WHAT YOU NEED TO DO → In the data below, find the line that contains "d^2 \<le> (of_int" and the line that contains "t = 2 * (\<Sum>i\<in>I.". Copy both, plus every line between them, exactly.

══ DATA PROVIDED ══

(* Expand theta[a/m; (2k+1)/m]^m as a sum over p in Z^m and put x_j = p_j + a/(2m). The alternating
   sum over k turns the term of p into exp(pi i tau |x|^2) * H(u), where H(u) = sum_k (-1)^k u^(2k+1)
   and u = exp(pi i (sum_j x_j) / m). Because a is odd, u^(2m) = -1, so (1 + u^2) H(u) = u (1 + u^(2m))
   vanishes, and only the p with u^2 = -1, i.e. m dvd 2 sum_j p_j + a, survive. On these the orthogonal
   reflection x |-> x - (2 sum_j x_j / m) (1,...,1) acts as an involution that keeps |x|^2 and sends
   u to -u, hence H(u) to -H(u); so the whole sum is 0. The theorem is the case m = 5, a = 1, 3. *)

lemma summable_on_power_abs_int:
  fixes r :: real
  assumes "0 \<le> r" "r < 1"
  shows "(\<lambda>n::int. r ^ nat \<bar>n\<bar>) summable_on UNIV"
proof -
  have geom: "(\<lambda>k::nat. r ^ k) summable_on UNIV"
    using assms by (subst summable_on_UNIV_nonneg_real_iff) (auto intro: summable_geometric)
  have nonneg: "(\<lambda>n::int. r ^ nat \<bar>n\<bar>) summable_on range int"
    by (subst summable_on_reindex) (use geom in \<open>auto simp: o_def\<close>)
  have neg: "(\<lambda>n::int. r ^ nat \<bar>n\<bar>) summable_on range (\<lambda>k. - int k - 1)"
  proof (subst summable_on_reindex)
    show "inj_on (\<lambda>k. - int k - 1) UNIV" by (auto simp: inj_on_def)
    have "(\<lambda>k::nat. r * r ^ k) summable_on UNIV" using geom by (rule summable_on_cmult_right)
    then show "((\<lambda>n::int. r ^ nat \<bar>n\<bar>) \<circ> (\<lambda>k. - int k - 1)) summable_on UNIV"
      by (simp add: o_def nat_add_distrib)
  qed
  have "UNIV = range int \<union> range (\<lambda>k. - int k - 1)"
    by (auto simp: image_def) presburger
  moreover have "range int \<inter> range (\<lambda>k. - int k - 1) = {}" by auto
  ultimately show ?thesis using summable_on_Un_disjoint[OF nonneg neg] by metis
qed

lemma abs_int_le_square: "\<bar>n\<bar> \<le> (n::int)^2"
proof (cases "n = 0")
  case False
  then have "\<bar>n\<bar> * 1 \<le> \<bar>n\<bar> * \<bar>n\<bar>" by (intro mult_left_mono) auto
  then show ?thesis by (simp add: power2_eq_square abs_mult[symmetric])
qed simp

lemma half_abs_le_square_shift: "real_of_int \<bar>n\<bar> / 2 - d^2 \<le> (of_int n + d)^2"
proof -
  have "real_of_int \<bar>n\<bar> \<le> (of_int n)^2"
    using abs_int_le_square[of n] by (metis of_int_le_iff of_int_power)
  moreover have "0 \<le> (of_int n + 2*d)^2" by simp
  ultimately show ?thesis by (simp add: power2_eq_square algebra_simps)
qed

lemma sum_squares_shift_eq:
  fixes x :: "'a \<Rightarrow> 'b::comm_ring_1"
  assumes "of_nat (card I) * t = 2 * (\<Sum>i\<in>I. x i)"
  shows "(\<Sum>i\<in>I. (x i - t)^2) = (\<Sum>i\<in>I. (x i)^2)"
proof -
  have "(\<Sum>i\<in>I. (x i - t)^2) = (\<Sum>i\<in>I. (x i)^2) - t * (2 * (\<Sum>i\<in>I. x i) - of_nat (card I) * t)"
    by (simp add: power2_diff sum.distrib sum_subtractf sum_distrib_left sum_distrib_right
                  algebra_simps power2_eq_square)
  with assms show ?thesis by simp
qed

lemma has_sum_sum:
  fixes f :: "'i \<Rightarrow> 'a \<Rightarrow> 'b::{topological_comm_monoid_add}"
  assumes "finite I" "\<And>i. i \<in> I \<Longrightarrow> (f i has_sum s i) A"
  shows "((\<lambda>x. \<Sum>i\<in>I. f i x) has_sum (\<Sum>i\<in>I. s i)) A"
  using assms by (induction I rule: finite_induct) (auto intro: has_sum_add)

lemma infsum_eq_0_if_negated_by_involution:
  fixes f :: "'a \<Rightarrow> 'b::real_normed_vector"
  assumes "\<And>x. x \<in> A \<Longrightarrow> r x \<in> A" "\<And>x. x \<in> A \<Longrightarrow> r (r x) = x"
      and "\<And>x. x \<in> A \<Longrightarrow> f (r x) = - f x"
  shows "infsum f A = 0"
proof -
  have "infsum f A = infsum (\<lambda>x. - f x) A"
    by (rule infsum_reindex_bij_witness[of A r r]) (simp_all add: assms)
  also have "\<dots> = - infsum f A" by (rule infsum_uminus)
  finally have "infsum f A + infsum f A = 0" by (metis right_minus)
  then have "2 *\<^sub>R infsum f A = 0" by (simp only: scaleR_2)
  then show ?thesis by simp
qed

═══

ANSWER FOR THIS EXERCISE →
lemma half_abs_le_square_shift: "real_of_int \<bar>n\<bar> / 2 - d^2 \<le> (of_int n + d)^2"
proof -
  have "real_of_int \<bar>n\<bar> \<le> (of_int n)^2"
    using abs_int_le_square[of n] by (metis of_int_le_iff of_int_power)
  moreover have "0 \<le> (of_int n + 2*d)^2" by simp
  ultimately show ?thesis by (simp add: power2_eq_square algebra_simps)
qed

lemma sum_squares_shift_eq:
  fixes x :: "'a \<Rightarrow> 'b::comm_ring_1"
  assumes "of_nat (card I) * t = 2 * (\<Sum>i\<in>I. x i)"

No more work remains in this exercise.